Given information -
text \<open>The inversion below \<open>Suc L\<close> must start at the value \<open>L\<close>; together with the ascent across
  \<open>L\<close> it would form a 132 or a 213 below \<open>k - 1\<close>.\<close>
lemma not_ascent_across_at_first_inversion:
  assumes \<tau>: "\<tau> permutes {1..n}"
    and free: "\<not> has_132_or_213_below \<tau> n (k - 1)"
    and no_inversion: "\<not> inversion_below \<tau> n L" and inversion: "inversion_below \<tau> n (Suc L)"
  shows "\<not> ascent_across \<tau> n L k"
proof
  assume "ascent_across \<tau> n L k"
  then obtain a b where ab: "1 \<le> a" "a < b" "b \<le> n" "\<tau> a < L" "L \<le> \<tau> b" "Suc (\<tau> b) < k"
    unfolding ascent_across_def by blast
  obtain c d where cd: "1 \<le> c" "c < d" "d \<le> n" "\<tau> d < \<tau> c" "\<tau> c < Suc L"
    using inversion unfolding inversion_below_def by blast
  have "\<not> \<tau> c < L"
    using no_inversion cd unfolding inversion_below_def by blast
  then have c: "\<tau> c = L" using cd by simp
  have no_pattern: "\<not> pattern_132_or_213 (\<tau> i1) (\<tau> i2) (\<tau> i3)"
    if "1 \<le> i1" "i1 < i2" "i2 < i3" "i3 \<le> n" "\<tau> i1 \<le> \<tau> b" "\<tau> i2 \<le> \<tau> b" "\<tau> i3 \<le> \<tau> b" for i1 i2 i3
  proof -
    have "\<tau> i1 < k - 1" "\<tau> i2 < k - 1" "\<tau> i3 < k - 1" using that ab(6) by linarith+
    then show ?thesis using free that(1-4) unfolding has_132_or_213_below_def by blast
  qed
  have inj: "\<tau> i = \<tau> j \<Longrightarrow> i = j" for i j
    using permutes_inj[OF \<tau>] by (simp add: inj_eq)
  show False
  proof (cases "c < a")
    case True
    then have "\<tau> b \<noteq> L" using inj ab c by (metis less_asym)
    then show False
      using no_pattern[of c a b] True ab cd c unfolding pattern_132_or_213_def by auto
  next
    case False
    then have "a < c" using ab c by (metis linorder_neqE_nat less_irrefl)
    consider "\<tau> a < \<tau> d" | "\<tau> d < \<tau> a" | "\<tau> d = \<tau> a" by linarith
    then show False
    proof cases
      case 1
      then show False
        using no_pattern[of a c d] \<open>a < c\<close> ab cd c unfolding pattern_132_or_213_def by auto
    next
      case 2
      then have "inversion_below \<tau> n L"
        unfolding inversion_below_def using \<open>a < c\<close> ab cd by (intro exI[of _ a] exI[of _ d]) auto
      with no_inversion show False ..
    next
      case 3
      then show False using inj \<open>a < c\<close> cd by fastforce
    qed
  qed
qed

Task details -
In full and without alteration, transcribe the listing above.

Result of this task -
text \<open>The inversion below \<open>Suc L\<close> must start at the value \<open>L\<close>; together with the ascent across
  \<open>L\<close> it would form a 132 or a 213 below \<open>k - 1\<close>.\<close>
lemma not_ascent_across_at_first_inversion:
  assumes \<tau>: "\<tau> permutes {1..n}"
    and free: "\<not> has_132_or_213_below \<tau> n (k - 1)"
    and no_inversion: "\<not> inversion_below \<tau> n L" and inversion: "inversion_below \<tau> n (Suc L)"
  shows "\<not> ascent_across \<tau> n L k"
proof
  assume "ascent_across \<tau> n L k"
  then obtain a b where ab: "1 \<le> a" "a < b" "b \<le> n" "\<tau> a < L" "L \<le> \<tau> b" "Suc (\<tau> b) < k"
    unfolding ascent_across_def by blast
  obtain c d where cd: "1 \<le> c" "c < d" "d \<le> n" "\<tau> d < \<tau> c" "\<tau> c < Suc L"
    using inversion unfolding inversion_below_def by blast
  have "\<not> \<tau> c < L"
    using no_inversion cd unfolding inversion_below_def by blast
  then have c: "\<tau> c = L" using cd by simp
  have no_pattern: "\<not> pattern_132_or_213 (\<tau> i1) (\<tau> i2) (\<tau> i3)"
    if "1 \<le> i1" "i1 < i2" "i2 < i3" "i3 \<le> n" "\<tau> i1 \<le> \<tau> b" "\<tau> i2 \<le> \<tau> b" "\<tau> i3 \<le> \<tau> b" for i1 i2 i3
  proof -
    have "\<tau> i1 < k - 1" "\<tau> i2 < k - 1" "\<tau> i3 < k - 1" using that ab(6) by linarith+
    then show ?thesis using free that(1-4) unfolding has_132_or_213_below_def by blast
  qed
  have inj: "\<tau> i = \<tau> j \<Longrightarrow> i = j" for i j
    using permutes_inj[OF \<tau>] by (simp add: inj_eq)
  show False
  proof (cases "c < a")
    case True
    then have "\<tau> b \<noteq> L" using inj ab c by (metis less_asym)
    then show False
      using no_pattern[of c a b] True ab cd c unfolding pattern_132_or_213_def by auto
  next
    case False
    then have "a < c" using ab c by (metis linorder_neqE_nat less_irrefl)
    consider "\<tau> a < \<tau> d" | "\<tau> d < \<tau> a" | "\<tau> d = \<tau> a" by linarith
    then show False
    proof cases
      case 1
      then show False
        using no_pattern[of a c d] \<open>a < c\<close> ab cd c unfolding pattern_132_or_213_def by auto
    next
      case 2
      then have "inversion_below \<tau> n L"
        unfolding inversion_below_def using \<open>a < c\<close> ab cd by (intro exI[of _ a] exI[of _ d]) auto
      with no_inversion show False ..
    next
      case 3
      then show False using inj \<open>a < c\<close> cd by fastforce
    qed
  qed
qed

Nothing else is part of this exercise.